Abstract

The hot deformation characteristic of TC21 titanium alloy with lamellar microstructure was investigated with the help of isothermal compression tests in the temperature and strain rate ranges of 760–920 ℃ and 0.001–10 s−1. The principal feature of true stress-true strain curves is flow softening. The flow softening extent increases with decreasing strain rate, but has no obvious relationship with temperature. Based on processing map and microstructure observation, the regime of flow instability was determined to be about 760–855 ℃, 0.01–10 s−1 with flow instability phenomena including macrocrack and adiabatic shear band. The preferable parameters for forging were in the temperature and strain rate ranges of (760–850 ℃, 0.001–0.005 s−1) and (850–920 ℃, 0.001–0.01 s−1), where the microstructure with higher globularization fraction can be achieved. In terms of Arrhenius kinetic rate equation, the activation energies were determined to be 400.635 and 734.430 kJ·mol−1 in the strain rate ranges of 0.001–0.01 s−1 and 0.1–10 s−1, respectively. TEM analysis showed that different activation energies correspond to different deformation modes, resulting in different globularization mechanisms. In the strain rate range of 0.001–0.01 s−1, the deformation is characterized by dislocation motion.
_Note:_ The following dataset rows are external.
(* Let $X$ be a connected simple graph with countable vertex set, bounded degree and no vertex of degree one; let $M=\sup_{x\in VX}\deg(x)$, $\alpha=\frac{M+\sqrt{M^2+4M}}{2}$, $f(z)=A_Xz-Q_Xz^2$. For $x_0,x\in VX$ define $Z_X(u,x_0,x)=\exp\Big(\sum_{m=1}^\infty\frac{N_{X,m}(x_0,x)}{m}u^m\Big)$. Then for $|u|<1/\alpha$, $$Z_X(u,x_0,x)=(1-u^2)^{-\frac{\deg(x_0)-2}{2}\delta_{x_0}(x)}\times\exp\big(-[\log(I-(D_X-\Delta_X)u+(D_X-I)u^2)](x_0,x)\big)$$ $$\times\exp\Big(\int_0^u z^2\sum_{n=1}^\infty\frac1n\sum_{j=1}^{n-1}j\big[f(z)^{n-1-j}[A_X,D_X]f(z)^{j-1}\big](x_0,x)\,dz\Big)\times\exp\Big(\sum_{m=3}^\infty\frac{R_m(x_0,x)}{m}u^m\Big).$$
   Context: A graph $X=(VX,EX)$ has maps $e\mapsto(o(e),t(e))$, $e\mapsto\bar e$ with $\bar e\ne e$, $\bar{\bar e}=e$, $o(e)=t(\bar e)$; simple means no loops and no multiple edges. $E_x=\{e:o(e)=x\}$, $\deg(x)=|E_x|$. A path $c=(e_1,\dots,e_n)$ ($t(e_i)=o(e_{i+1})$, $o(c)=o(e_1)$, $t(c)=t(e_n)$, length $n$; a vertex is a path of length 0) is geodesic if $e_{i+1}\ne\bar e_i$ for all $i$; a geodesic loop is a closed geodesic path. Operators on $\ell^2(VX)$: $(A_Xf)(x)=\sum_{e\in E_x}f(t(e))$, $(D_Xf)(x)=\deg(x)f(x)$, $\Delta_X=D_X-A_X$, $Q_X=D_X-I$, $[A_X,D_X]=A_XD_X-D_XA_X$; $(C_mf)(x)=\sum f(t(c))$ over geodesic paths $c$ of length $m$ with $o(c)=x$. $B_m=C_m$ for $m\le2$, $B_m=C_m-(Q_X-I)\sum_{j=1}^{\lfloor m/2\rfloor}C_{m-2j}$ for $m\ge3$. With $c_k(x)$ the number of geodesic loops of length $k$ at $x$ and $(\Delta_Xc_k)(x)=\deg(x)c_k(x)-\sum_{e\in E_x}c_k(t(e))$: $R_m=0$ for $m\le2$ and for $m\ge3$ $R_m$ is multiplication by $x\mapsto\sum_{j=1}^{\lceil m/2\rceil-1}j(\Delta_Xc_{m-2j})(x)$; $R_m^+=0$ for $m\le2$, $R_m^+=(Q_X-I)\delta_{2\mathbb Z}(m)+R_m$ for $m\ge3$ ($\delta_{2\mathbb Z}(m)=1$ if $m$ even, else $0$); $N_{X,m}=B_m+R_m^+$. For a bounded operator $B$, $B(x_0,x)=(B\delta_{x_0})(x)$ where $\delta_{x_0}$ is the indicator of $x_0$. $\log(I-g)=-\sum_{n\ge1}g^n/n$ for $\|g\|<1$ (here $g=f(u)$, which has norm $<1$ for $|u|<1/\alpha$). *)

theory Defs
  imports "HOL-Complex_Analysis.Complex_Analysis" "HOL-Library.Countable"
begin

text \<open>Operators are locally finite linear maps on functions 'v => complex;
on indicator functions they agree with the bounded operators on l2(VX).\<close>

type_synonym 'v op = "('v \<Rightarrow> complex) \<Rightarrow> 'v \<Rightarrow> complex"

definition nbrs :: "('v \<Rightarrow> 'v \<Rightarrow> bool) \<Rightarrow> 'v \<Rightarrow> 'v set" where
  "nbrs adj x = {y. adj x y}"

definition deg :: "('v \<Rightarrow> 'v \<Rightarrow> bool) \<Rightarrow> 'v \<Rightarrow> nat" where
  "deg adj x = card (nbrs adj x)"

definition simple_graph :: "('v \<Rightarrow> 'v \<Rightarrow> bool) \<Rightarrow> bool" where
  "simple_graph adj \<longleftrightarrow> (\<forall>x y. adj x y \<longrightarrow> adj y x) \<and> (\<forall>x. \<not> adj x x)"

definition connected_graph :: "('v \<Rightarrow> 'v \<Rightarrow> bool) \<Rightarrow> bool" where
  "connected_graph adj \<longleftrightarrow> (\<forall>x y. adj\<^sup>*\<^sup>* x y)"

definition bounded_degree :: "('v \<Rightarrow> 'v \<Rightarrow> bool) \<Rightarrow> bool" where
  "bounded_degree adj \<longleftrightarrow> (\<exists>K. \<forall>x. finite (nbrs adj x) \<and> deg adj x \<le> K)"

definition max_deg :: "('v \<Rightarrow> 'v \<Rightarrow> bool) \<Rightarrow> nat" where
  "max_deg adj = (SUP x. deg adj x)"

definition alpha :: "('v \<Rightarrow> 'v \<Rightarrow> bool) \<Rightarrow> real" where
  "alpha adj = (let M = real (max_deg adj) in (M + sqrt (M\<^sup>2 + 4 * M)) / 2)"

definition delta :: "'v \<Rightarrow> 'v \<Rightarrow> complex" where
  "delta x0 = (\<lambda>y. if y = x0 then 1 else 0)"

definition kernel :: "'v op \<Rightarrow> 'v \<Rightarrow> 'v \<Rightarrow> complex" where
  "kernel B x0 x = B (delta x0) x"

definition A_op :: "('v \<Rightarrow> 'v \<Rightarrow> bool) \<Rightarrow> 'v op" where
  "A_op adj g x = (\<Sum>y\<in>nbrs adj x. g y)"

definition D_op :: "('v \<Rightarrow> 'v \<Rightarrow> bool) \<Rightarrow> 'v op" where
  "D_op adj g x = of_nat (deg adj x) * g x"

definition Delta_op :: "('v \<Rightarrow> 'v \<Rightarrow> bool) \<Rightarrow> 'v op" where
  "Delta_op adj g x = D_op adj g x - A_op adj g x"

definition Q_op :: "('v \<Rightarrow> 'v \<Rightarrow> bool) \<Rightarrow> 'v op" where
  "Q_op adj g x = D_op adj g x - g x"

definition comm_AD :: "('v \<Rightarrow> 'v \<Rightarrow> bool) \<Rightarrow> 'v op" where
  "comm_AD adj g = (\<lambda>x. A_op adj (D_op adj g) x - D_op adj (A_op adj g) x)"

text \<open>Geodesic paths of length m starting at x, as vertex sequences (simple graph:
an edge is an ordered adjacent pair; e_{i+1} \<noteq> reverse e_i iff no immediate backtracking).\<close>
definition geopaths :: "('v \<Rightarrow> 'v \<Rightarrow> bool) \<Rightarrow> nat \<Rightarrow> 'v \<Rightarrow> 'v list set" where
  "geopaths adj m x = {p. length p = Suc m \<and> p ! 0 = x
      \<and> (\<forall>i<m. adj (p ! i) (p ! Suc i))
      \<and> (\<forall>i. Suc (Suc i) \<le> m \<longrightarrow> p ! Suc (Suc i) \<noteq> p ! i)}"

definition C_op :: "('v \<Rightarrow> 'v \<Rightarrow> bool) \<Rightarrow> nat \<Rightarrow> 'v op" where
  "C_op adj m g x = (\<Sum>p\<in>geopaths adj m x. g (last p))"

definition B_op :: "('v \<Rightarrow> 'v \<Rightarrow> bool) \<Rightarrow> nat \<Rightarrow> 'v op" where
  "B_op adj m g x = (if m \<le> 2 then C_op adj m g x
     else C_op adj m g x - (Q_op adj (\<lambda>y. \<Sum>j=1..m div 2. C_op adj (m - 2*j) g y) x
                            - (\<Sum>j=1..m div 2. C_op adj (m - 2*j) g x)))"

definition c_loops :: "('v \<Rightarrow> 'v \<Rightarrow> bool) \<Rightarrow> nat \<Rightarrow> 'v \<Rightarrow> complex" where
  "c_loops adj k x = of_nat (card {p\<in>geopaths adj k x. last p = x})"

definition R_op :: "('v \<Rightarrow> 'v \<Rightarrow> bool) \<Rightarrow> nat \<Rightarrow> 'v op" where
  "R_op adj m g x = (if m \<le> 2 then 0
     else (\<Sum>j=1..(m+1) div 2 - 1. of_nat j * Delta_op adj (c_loops adj (m - 2*j)) x) * g x)"

definition Rplus_op :: "('v \<Rightarrow> 'v \<Rightarrow> bool) \<Rightarrow> nat \<Rightarrow> 'v op" where
  "Rplus_op adj m g x = (if m \<le> 2 then 0
     else (if even m then Q_op adj g x - g x else 0) + R_op adj m g x)"

definition N_op :: "('v \<Rightarrow> 'v \<Rightarrow> bool) \<Rightarrow> nat \<Rightarrow> 'v op" where
  "N_op adj m g x = B_op adj m g x + Rplus_op adj m g x"

definition f_op :: "('v \<Rightarrow> 'v \<Rightarrow> bool) \<Rightarrow> complex \<Rightarrow> 'v op" where
  "f_op adj z g x = A_op adj g x * z - Q_op adj g x * z\<^sup>2"

definition log_I_minus_kernel :: "'v op \<Rightarrow> 'v \<Rightarrow> 'v \<Rightarrow> complex" where
  "log_I_minus_kernel G x0 x = - (\<Sum>n. kernel (G ^^ Suc n) x0 x / of_nat (Suc n))"

definition Z_X :: "('v \<Rightarrow> 'v \<Rightarrow> bool) \<Rightarrow> complex \<Rightarrow> 'v \<Rightarrow> 'v \<Rightarrow> complex" where
  "Z_X adj u x0 x = exp (\<Sum>k. kernel (N_op adj (Suc k)) x0 x / of_nat (Suc k) * u ^ Suc k)"

end

(*
  Write f(z) = A z - Q z^2. Splitting geodesic paths by their first step gives
  C_m = T_m - T_(m-2) for the operator polynomials T_0 = I, T_1 = A,
  T_(m+2) = A T_(m+1) - Q T_m, and hence B_m = T_m - Q T_(m-2). Since |T_m| <= alpha^m, where
  alpha^2 = M alpha + M, the series sum_m T_m z^m converges for |z| < 1/alpha; it is a bounded
  solution of W = I + f(z) W, so it coincides with the Neumann series sum_n f(z)^n. Consequently
  sum_m B_(m+1) z^m = f'(z) (I - f(z))^(-1) + z (Q - I).

  Differentiating -log(I - f(z)) = sum_n f(z)^n / n termwise gives the same operator, except that
  f'(z) has to be moved past powers of f(z); as f(z) f'(z) = f'(z) f(z) - z^2 [A,D], this produces
  exactly the commutator integrand. The even terms Q - I of R^+_m contribute (Q - I) z^3 / (1 - z^2),
  which together with z (Q - I) is the derivative of the logarithm of the factor
  (1 - z^2)^(-(deg x0 - 2)/2) on the diagonal. Hence the logarithms of both sides have the same
  derivative on the disc |z| < 1/alpha and vanish at 0, and integrating along the segment [0, u]
  gives the identity.
*)

theory Submission
  imports Defs
begin

section \<open>Linear operators on vertex functions\<close>

definition op_linear :: "'v op \<Rightarrow> bool" where
  "op_linear F \<longleftrightarrow> (\<forall>h1 h2 x. F (\<lambda>y. h1 y + h2 y) x = F h1 x + F h2 x)
                   \<and> (\<forall>c h x. F (\<lambda>y. c * h y) x = c * F h x)"

lemma op_linear_add: "op_linear F \<Longrightarrow> F (\<lambda>y. h1 y + h2 y) x = F h1 x + F h2 x"
  unfolding op_linear_def by blast

lemma op_linear_scale: "op_linear F \<Longrightarrow> F (\<lambda>y. c * h y) x = c * F h x"
  unfolding op_linear_def by blast

lemma op_linear_zero: "op_linear F \<Longrightarrow> F (\<lambda>y. 0) x = 0"
  using op_linear_scale[of F 0 "\<lambda>y. 0" x] by simp

lemma op_linear_diff: "op_linear F \<Longrightarrow> F (\<lambda>y. h1 y - h2 y) x = F h1 x - F h2 x"
  using op_linear_add[of F h1 "\<lambda>y. (-1) * h2 y" x] op_linear_scale[of F "-1" h2 x] by simp

lemma op_linear_sum:
  assumes "op_linear F" and "finite I"
  shows "F (\<lambda>y. \<Sum>i\<in>I. h i y) x = (\<Sum>i\<in>I. F (h i) x)"
  using assms(2)
proof (induction I rule: finite_induct)
  case empty
  then show ?case using op_linear_zero[OF assms(1)] by simp
next
  case (insert a I)
  then show ?case using op_linear_add[OF assms(1), of "h a" "\<lambda>y. \<Sum>i\<in>I. h i y" x] by simp
qed

lemma op_linear_A_op: "op_linear (A_op adj)"
  unfolding op_linear_def A_op_def by (auto simp: sum.distrib sum_distrib_left)

lemma op_linear_Q_op: "op_linear (Q_op adj)"
  unfolding op_linear_def Q_op_def D_op_def by (auto simp: algebra_simps)

lemma op_linear_f_op: "op_linear (f_op adj z)"
  unfolding op_linear_def f_op_def
  by (simp add: op_linear_add[OF op_linear_A_op] op_linear_add[OF op_linear_Q_op]
      op_linear_scale[OF op_linear_A_op] op_linear_scale[OF op_linear_Q_op] algebra_simps)

definition df_op :: "('v \<Rightarrow> 'v \<Rightarrow> bool) \<Rightarrow> complex \<Rightarrow> 'v op" where
  "df_op adj z g x = A_op adj g x - 2 * z * Q_op adj g x"

lemma f_op_df_op_commute:
  "f_op adj z (df_op adj z g) x = df_op adj z (f_op adj z g) x - z\<^sup>2 * comm_AD adj g x"
  unfolding f_op_def df_op_def comm_AD_def A_op_def Q_op_def D_op_def
  by (simp add: sum_subtractf sum.distrib sum_distrib_left sum_distrib_right algebra_simps
      power2_eq_square)

lemma f_op_power_df_op_commute:
  "(f_op adj z ^^ i) (df_op adj z h) x = df_op adj z ((f_op adj z ^^ i) h) x
     - z\<^sup>2 * (\<Sum>l<i. (f_op adj z ^^ l) (comm_AD adj ((f_op adj z ^^ (i - 1 - l)) h)) x)"
proof (induction i arbitrary: x)
  case 0
  then show ?case by simp
next
  case (Suc i)
  let ?f = "f_op adj z"
  have IH: "(?f ^^ i) (df_op adj z h) = (\<lambda>y. df_op adj z ((?f ^^ i) h) y
      - z\<^sup>2 * (\<Sum>l<i. (?f ^^ l) (comm_AD adj ((?f ^^ (i - 1 - l)) h)) y))"
    using Suc.IH by (simp add: fun_eq_iff)
  have "(?f ^^ Suc i) (df_op adj z h) x
      = ?f (df_op adj z ((?f ^^ i) h)) x
        - z\<^sup>2 * (\<Sum>l<i. ?f ((?f ^^ l) (comm_AD adj ((?f ^^ (i - 1 - l)) h))) x)"
    by (simp add: IH op_linear_diff[OF op_linear_f_op] op_linear_scale[OF op_linear_f_op]
        op_linear_sum[OF op_linear_f_op])
  also have "?f (df_op adj z ((?f ^^ i) h)) x
      = df_op adj z ((?f ^^ Suc i) h) x - z\<^sup>2 * comm_AD adj ((?f ^^ i) h) x"
    by (simp add: f_op_df_op_commute)
  finally show ?case
    by (simp only: sum.lessThan_Suc_shift) (simp add: algebra_simps)
qed

lemma sum_lessThan_triangle:
  fixes h :: "nat \<Rightarrow> 'a::comm_ring_1"
  shows "(\<Sum>i<Suc k. \<Sum>l<i. h l) = (\<Sum>j=1..k. of_nat j * h (k - j))"
proof -
  have "(\<Sum>i<Suc k. \<Sum>l<i. h l) = (\<Sum>l<k. of_nat (k - l) * h l)"
  proof (induction k)
    case (Suc k)
    have "(\<Sum>l<Suc k. of_nat (Suc k - l) * h l) = (\<Sum>l<Suc k. of_nat (k - l) * h l + h l)"
      by (intro sum.cong refl) (simp add: Suc_diff_le algebra_simps)
    then show ?case using Suc.IH by (simp add: sum.distrib)
  qed simp
  also have "\<dots> = (\<Sum>j=1..k. of_nat j * h (k - j))"
    by (rule sum.reindex_bij_witness[where i="\<lambda>j. k - j" and j="\<lambda>l. k - l"]) auto
  finally show ?thesis .
qed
The globularization mechanism involves the formation of groove, localized shear and subgrain in α lamellae, followed by β phase penetrating α lamellae along groove, shear interface and subgrain boundary. In the strain rate range of 0.1–10 s−1, the deformation is characterized by twinning besides dislocation motion. The globularization mechanism involves the formation of the twins of α phase and β phase penetrating α lamellae along the twinned region.